[WHAT YOU ARE ASKED TO DO]
From the data below, copy exactly the lines that lie between the one holding "(U has_real_derivative U1 \<theta>) (at \<theta>)" and the one holding "real) \<Rightarrow> real", including both, and nothing more.

Content starts

(* Let $N\ge3$. For $p>p_{\rm S}=\frac{N+2}{N-2}$ let $\underline\Theta=\underline\Theta(p)\in(0,\pi)$ be the number such that problem (P$_\Theta$) has no regular solution for $\Theta\in(0,\underline\Theta)$ and has a regular solution for every $\Theta\in(\underline\Theta,\pi)$, and let $\Theta^*=\Theta^*(p)$ be as in the context. Then $\underline\Theta(p)\to\pi$ as $p\to\infty$; since $\underline\Theta\le\Theta^*$, also $\Theta^*(p)\to\pi$ as $p\to\infty$. Moreover, when $N=3$, for every $p\ge5$ problem (P$_\Theta$) has no regular solution for $\Theta\in(0,\pi-\arcsin\frac{4}{p-1}]$; in particular $\underline\Theta\ge\pi-\arcsin\frac{4}{p-1}$ for $p>5$.
   Context: For $\Theta\in(0,\pi)$, problem (P$_\Theta$) is: $U''+(N-1)\frac{\cos\theta}{\sin\theta}U'+U^p=0$ on $(0,\Theta)$, $U(\Theta)=0$, $U>0$ on $[0,\Theta)$; a regular solution is one with $U\in C^2[0,\Theta]$, $U'(0)=0$. $\Theta^*\in(0,\pi)$ is the first positive zero of the unique solution $U^*$ of $U''+(N-1)\frac{\cos\theta}{\sin\theta}U'+|U|^{p-1}U=0$ with $U^*(\theta)=a(\cos\frac\theta2)^{-(N-2)}(2\tan\frac\theta2)^{-\mu}(1+o(1))$ as $\theta\downarrow0$, $\mu=\frac{2}{p-1}$, $a=\{\mu(N-2-\mu)\}^{\mu/2}$. *)

theory Defs
  imports "HOL-Analysis.Analysis" "HOL-Library.Landau_Symbols"
begin

definition pS :: "real \<Rightarrow> real" where
  "pS N = (N + 2) / (N - 2)"

definition regular_solution :: "real \<Rightarrow> real \<Rightarrow> real \<Rightarrow> (real \<Rightarrow> real) \<Rightarrow> bool" where
  "regular_solution N p \<Theta> U \<longleftrightarrow>
     (\<exists>U1 U2.
        (\<forall>\<theta>\<in>{0..\<Theta>}. (U has_real_derivative U1 \<theta>) (at \<theta> within {0..\<Theta>}) \<and>
                          (U1 has_real_derivative U2 \<theta>) (at \<theta> within {0..\<Theta>})) \<and>
        continuous_on {0..\<Theta>} U2 \<and>
        U1 0 = 0 \<and>
        (\<forall>\<theta>\<in>{0<..<\<Theta>}. U2 \<theta> + (N - 1) * (cos \<theta> / sin \<theta>) * U1 \<theta> + U \<theta> powr p = 0)) \<and>
     U \<Theta> = 0 \<and> (\<forall>\<theta>\<in>{0..<\<Theta>}. U \<theta> > 0)"

definition singular_solution :: "real \<Rightarrow> real \<Rightarrow> (real \<Rightarrow> real) \<Rightarrow> bool" where
  "singular_solution N p U \<longleftrightarrow>
     (let \<mu> = 2 / (p - 1); a = (\<mu> * (N - 2 - \<mu>)) powr (\<mu> / 2) in
      (\<exists>U1 U2. \<forall>\<theta>\<in>{0<..<pi}.
          (U has_real_derivative U1 \<theta>) (at \<theta>) \<and>
          (U1 has_real_derivative U2 \<theta>) (at \<theta>) \<and>
          U2 \<theta> + (N - 1) * (cos \<theta> / sin \<theta>) * U1 \<theta> + \<bar>U \<theta>\<bar> powr (p - 1) * U \<theta> = 0) \<and>
      U \<sim>[at_right 0] (\<lambda>\<theta>. a * (cos (\<theta> / 2)) powr (-(N - 2)) * (2 * tan (\<theta> / 2)) powr (-\<mu>)))"

definition first_zero :: "(real \<Rightarrow> real) \<Rightarrow> real \<Rightarrow> bool" where
  "first_zero U T \<longleftrightarrow> T \<in> {0<..<pi} \<and> U T = 0 \<and> (\<forall>\<theta>\<in>{0<..<T}. U \<theta> \<noteq> 0)"

end

theory Submission
  imports Defs
begin

(*
  The obstruction is a Pohozaev-type functional. With n = N - 1 and the weight
  g(t) = sin 2t + l sin^n t, put
    P(t) = sin^n t * (g(t) * (U'^2/2 + U^(p+1)/(p+1)) + U U').
  Along a positive solution
    P' = sin^n t * ((2 - n) cos^2 t U'^2 + U^(p+1) (C(t) - (p+1))/(p+1)),
    C(t) = 2(n+1) cos^2 t - 2 sin^2 t + 2 l n sin^(n-1) t cos t,
  so P decreases wherever C <= p + 1. A regular solution on [0, Theta] has P(0) = 0, and
  P(Theta) >= 0 as soon as g(Theta) >= 0: a contradiction. Taking l = 2 / sin^(n-1) delta makes
  g >= 0 on (0, pi - delta] and bounds C independently of p, so for large p no regular solution
  has Theta <= pi - delta. For N = 3 the choice l = sqrt((p-5)(p+3))/2 turns p + 1 - C into a
  perfect square, which gives the explicit bound pi - arcsin (4/(p-1)).

  For the singular solution U^star the argument runs on (0, Theta^star): there P decreases strictly
  to P(Theta^star) >= 0, while U^star = O(theta^(-2/(p-1))) near 0 and p > p_S force P to be arbitrarily
  small at points arbitrarily close to 0.
*)

lemma DERIV_nonpos_imp_strict_decreasing_open:
  fixes f f' :: "real \<Rightarrow> real"
  assumes cont: "continuous_on {a..b} f"
    and der: "\<And>x. a < x \<Longrightarrow> x < b \<Longrightarrow> (f has_real_derivative f' x) (at x)"
    and nonpos: "\<And>x. a < x \<Longrightarrow> x < b \<Longrightarrow> f' x \<le> 0"
    and t0: "a < t0" "t0 < b" and neg: "f' t0 < 0"
  shows "f b < f a"
proof (rule ccontr)
  assume "\<not> f b < f a"
  have decreasing: "f y \<le> f x" if "a \<le> x" "x \<le> y" "y \<le> b" for x y
  proof (rule DERIV_nonpos_imp_decreasing_open[OF that(2)])
    fix z assume "x < z" "z < y"
    then have "a < z" "z < b" using that by auto
    then show "\<exists>d. (f has_real_derivative d) (at z) \<and> d \<le> 0"
      using der nonpos by blast
  qed (use that in \<open>auto intro: continuous_on_subset[OF cont]\<close>)
  have const: "f x = f a" if "a < x" "x < b" for x
    using decreasing[of a x] decreasing[of x b] that \<open>\<not> f b < f a\<close> by auto
  have "((\<lambda>_. f a) has_real_derivative f' t0) (at t0)"
    by (rule has_field_derivative_transform_within_open[OF der[OF t0], of "{a<..<b}"])
      (use t0 const in auto)
  then have "f' t0 = 0"
    using DERIV_unique DERIV_const by blast
  with neg show False by simp
qed

lemma exists_derivative_bound:
  fixes U U' :: "real \<Rightarrow> real" and A \<mu> \<theta> :: real
  assumes \<theta>: "0 < \<theta>" and \<mu>: "\<mu> \<ge> 0"
    and der: "\<And>x. \<theta> / 2 \<le> x \<Longrightarrow> x \<le> \<theta> \<Longrightarrow> (U has_real_derivative U' x) (at x)"
    and bound: "\<And>x. x \<in> {\<theta> / 2, \<theta>} \<Longrightarrow> 0 < U x \<and> U x \<le> A * x powr (- \<mu>)"
  obtains \<xi> where "\<theta> / 2 < \<xi>" "\<xi> < \<theta>" "\<bar>U' \<xi>\<bar> \<le> 2 * A * (1 + 2 powr \<mu>) * \<xi> powr (- \<mu>) / \<xi>"
proof -
  have "continuous_on {\<theta> / 2..\<theta>} U"
    by (intro continuous_at_imp_continuous_on ballI DERIV_isCont[OF der]) auto
  moreover have "U differentiable (at x)" if "\<theta> / 2 < x" "x < \<theta>" for x
    using der[of x] that unfolding real_differentiable_def by auto
  ultimately obtain d \<xi> where \<xi>: "\<theta> / 2 < \<xi>" "\<xi> < \<theta>" "DERIV U \<xi> :> d"
      "U \<theta> - U (\<theta> / 2) = (\<theta> - \<theta> / 2) * d"
    using MVT[of "\<theta> / 2" \<theta> U] \<theta> by auto
  have d: "d = U' \<xi>" using DERIV_unique[OF \<xi>(3) der[of \<xi>]] \<xi> by auto
  have "0 < A * \<theta> powr (- \<mu>)" using bound[of \<theta>] by auto
  then have A: "A \<ge> 0" using \<theta> by (simp add: zero_less_mult_iff)
  have "(\<theta> / 2) powr (- \<mu>) \<le> (\<xi> / 2) powr (- \<mu>)" using \<xi> \<theta> \<mu> by (intro powr_mono2') auto
  also have "(\<xi> / 2) powr (- \<mu>) = 2 powr \<mu> * \<xi> powr (- \<mu>)"
    by (simp add: powr_divide powr_minus_divide)
  finally have half: "(\<theta> / 2) powr (- \<mu>) \<le> 2 powr \<mu> * \<xi> powr (- \<mu>)" .
  have whole: "\<theta> powr (- \<mu>) \<le> \<xi> powr (- \<mu>)" using \<xi> \<theta> \<mu> by (intro powr_mono2') auto
  have b1: "0 < U \<theta>" "U \<theta> \<le> A * \<theta> powr (- \<mu>)" using bound[of \<theta>] by auto
  have b2: "0 < U (\<theta> / 2)" "U (\<theta> / 2) \<le> A * (\<theta> / 2) powr (- \<mu>)" using bound[of "\<theta> / 2"] by auto
  have "\<bar>U \<theta> - U (\<theta> / 2)\<bar> \<le> A * \<theta> powr (- \<mu>) + A * (\<theta> / 2) powr (- \<mu>)"
    unfolding abs_le_iff using b1 b2 by linarith
  also have "\<dots> \<le> A * \<xi> powr (- \<mu>) + A * (2 powr \<mu> * \<xi> powr (- \<mu>))"
    using A half whole by (intro add_mono mult_left_mono)
  also have "\<dots> = A * (1 + 2 powr \<mu>) * \<xi> powr (- \<mu>)" by (simp add: algebra_simps)
  finally have "\<bar>U \<theta> - U (\<theta> / 2)\<bar> \<le> A * (1 + 2 powr \<mu>) * \<xi> powr (- \<mu>)" .
  then have "\<bar>U' \<xi>\<bar> * (\<theta> / 2) \<le> A * (1 + 2 powr \<mu>) * \<xi> powr (- \<mu>)"
    using \<xi>(4) \<theta> unfolding d by (simp add: abs_mult algebra_simps)
  moreover have "\<bar>U' \<xi>\<bar> * (\<xi> / 2) \<le> \<bar>U' \<xi>\<bar> * (\<theta> / 2)" using \<xi> by (intro mult_left_mono) auto
  ultimately have "\<bar>U' \<xi>\<bar> * \<xi> \<le> 2 * A * (1 + 2 powr \<mu>) * \<xi> powr (- \<mu>)" by linarith
  then show ?thesis using that \<xi> \<theta> by (simp add: field_simps)
qed

lemma tendsto_pi_at_top:
  fixes F :: "real \<Rightarrow> real"
  assumes lower: "\<And>\<delta>. 0 < \<delta> \<Longrightarrow> \<delta> \<le> pi / 2 \<Longrightarrow> eventually (\<lambda>p. pi - \<delta> \<le> F p) at_top"
    and upper: "eventually (\<lambda>p. F p < pi) at_top"
  shows "(F \<longlongrightarrow> pi) at_top"
proof (rule order_tendstoI)
  fix a assume "a < pi"
  define \<delta> where "\<delta> = min ((pi - a) / 2) (pi / 2)"
  have "\<delta> \<le> (pi - a) / 2" unfolding \<delta>_def by (rule min.cobounded1)
  then have "0 < \<delta>" "\<delta> \<le> pi / 2" "a < pi - \<delta>"
    using \<open>a < pi\<close> pi_gt_zero unfolding \<delta>_def by auto
  then show "eventually (\<lambda>p. a < F p) at_top"
    using lower[of \<delta>] by (auto elim: eventually_mono)
next
  fix a assume "a > pi"
  then show "eventually (\<lambda>p. F p < a) at_top" using upper by (auto elim: eventually_mono)
qed

lemma neg_two_cos_le_mult_sin:
  fixes l y \<Theta> :: real
  assumes l: "l \<ge> 0" and y: "0 < y" "y \<le> 1" "4 \<le> (l ^ 2 + 4) * y ^ 2"
    and \<Theta>: "0 < \<Theta>" "\<Theta> \<le> pi - arcsin y"
  shows "- 2 * cos \<Theta> \<le> l * sin \<Theta>"
proof (cases "cos \<Theta> \<ge> 0")
  case True
  have "0 < arcsin y" using arcsin_less_mono[of 0 y] y by simp
  then have "sin \<Theta> \<ge> 0" using \<Theta> by (intro sin_ge_zero) auto
  then show ?thesis using True l by (smt (verit) mult_nonneg_nonneg)
next
  case False
  have "\<Theta> > pi / 2" using False cos_ge_zero[of \<Theta>] \<Theta> by (cases "\<Theta> \<le> pi / 2") auto
  have "sin (arcsin y) \<le> sin (pi - \<Theta>)"
    by (rule sin_monotone_2pi_le) (use y \<Theta> \<open>\<Theta> > pi / 2\<close> arcsin_bounded[of y] in auto)
  then have "y \<le> sin \<Theta>" using y by simp
  then have "(l ^ 2 + 4) * y ^ 2 \<le> (l ^ 2 + 4) * sin \<Theta> ^ 2"
    using y by (intro mult_left_mono power_mono) auto
  then have "(2 * cos \<Theta>) ^ 2 \<le> (l * sin \<Theta>) ^ 2"
    using y(3) by (simp add: power_mult_distrib cos_squared_eq algebra_simps)
  then have "\<bar>2 * cos \<Theta>\<bar> \<le> \<bar>l * sin \<Theta>\<bar>" using abs_le_square_iff by blast
  then show ?thesis using \<open>y \<le> sin \<Theta>\<close> y l by (simp add: abs_mult)
qed

lemma exists_mult_cos_neq_mult_sin:
  fixes \<alpha> \<beta> \<Theta> :: real
  assumes "\<alpha> \<ge> 0" "\<beta> > 0" "0 < \<Theta>" "\<Theta> < pi"
  shows "\<exists>t. 0 < t \<and> t < \<Theta> \<and> \<alpha> * cos t \<noteq> \<beta> * sin t"
proof (rule ccontr)
  assume "\<not> ?thesis"
  then have balanced: "\<alpha> * cos t = \<beta> * sin t" if "0 < t" "t < \<Theta>" for t
    using that by auto
  have "sin (\<Theta> / 4) < sin (\<Theta> / 2)" by (rule sin_monotone_2pi) (use assms in auto)
  moreover have "cos (\<Theta> / 2) < cos (\<Theta> / 4)" by (rule cos_monotone_0_pi) (use assms in auto)
  moreover have "\<alpha> * (cos (\<Theta> / 4) - cos (\<Theta> / 2)) = \<beta> * (sin (\<Theta> / 4) - sin (\<Theta> / 2))"
    using balanced[of "\<Theta> / 4"] balanced[of "\<Theta> / 2"] assms by (simp add: algebra_simps)
  ultimately show False
    using assms mult_nonneg_nonneg[of \<alpha> "cos (\<Theta> / 4) - cos (\<Theta> / 2)"]
      mult_pos_neg[of \<beta> "sin (\<Theta> / 4) - sin (\<Theta> / 2)"] by linarith
qed

section \<open>The Pohozaev functional\<close>

definition pohozaev_weight :: "nat \<Rightarrow> real \<Rightarrow> real \<Rightarrow> real" where
  "pohozaev_weight n l t = 2 * sin t * cos t + l * sin t ^ n"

Content ends

[RESULT OF THIS EXERCISE]
          (U has_real_derivative U1 \<theta>) (at \<theta>) \<and>
          (U1 has_real_derivative U2 \<theta>) (at \<theta>) \<and>
          U2 \<theta> + (N - 1) * (cos \<theta> / sin \<theta>) * U1 \<theta> + \<bar>U \<theta>\<bar> powr (p - 1) * U \<theta> = 0) \<and>
      U \<sim>[at_right 0] (\<lambda>\<theta>. a * (cos (\<theta> / 2)) powr (-(N - 2)) * (2 * tan (\<theta> / 2)) powr (-\<mu>)))"

definition first_zero :: "(real \<Rightarrow> real) \<Rightarrow> real \<Rightarrow> bool" where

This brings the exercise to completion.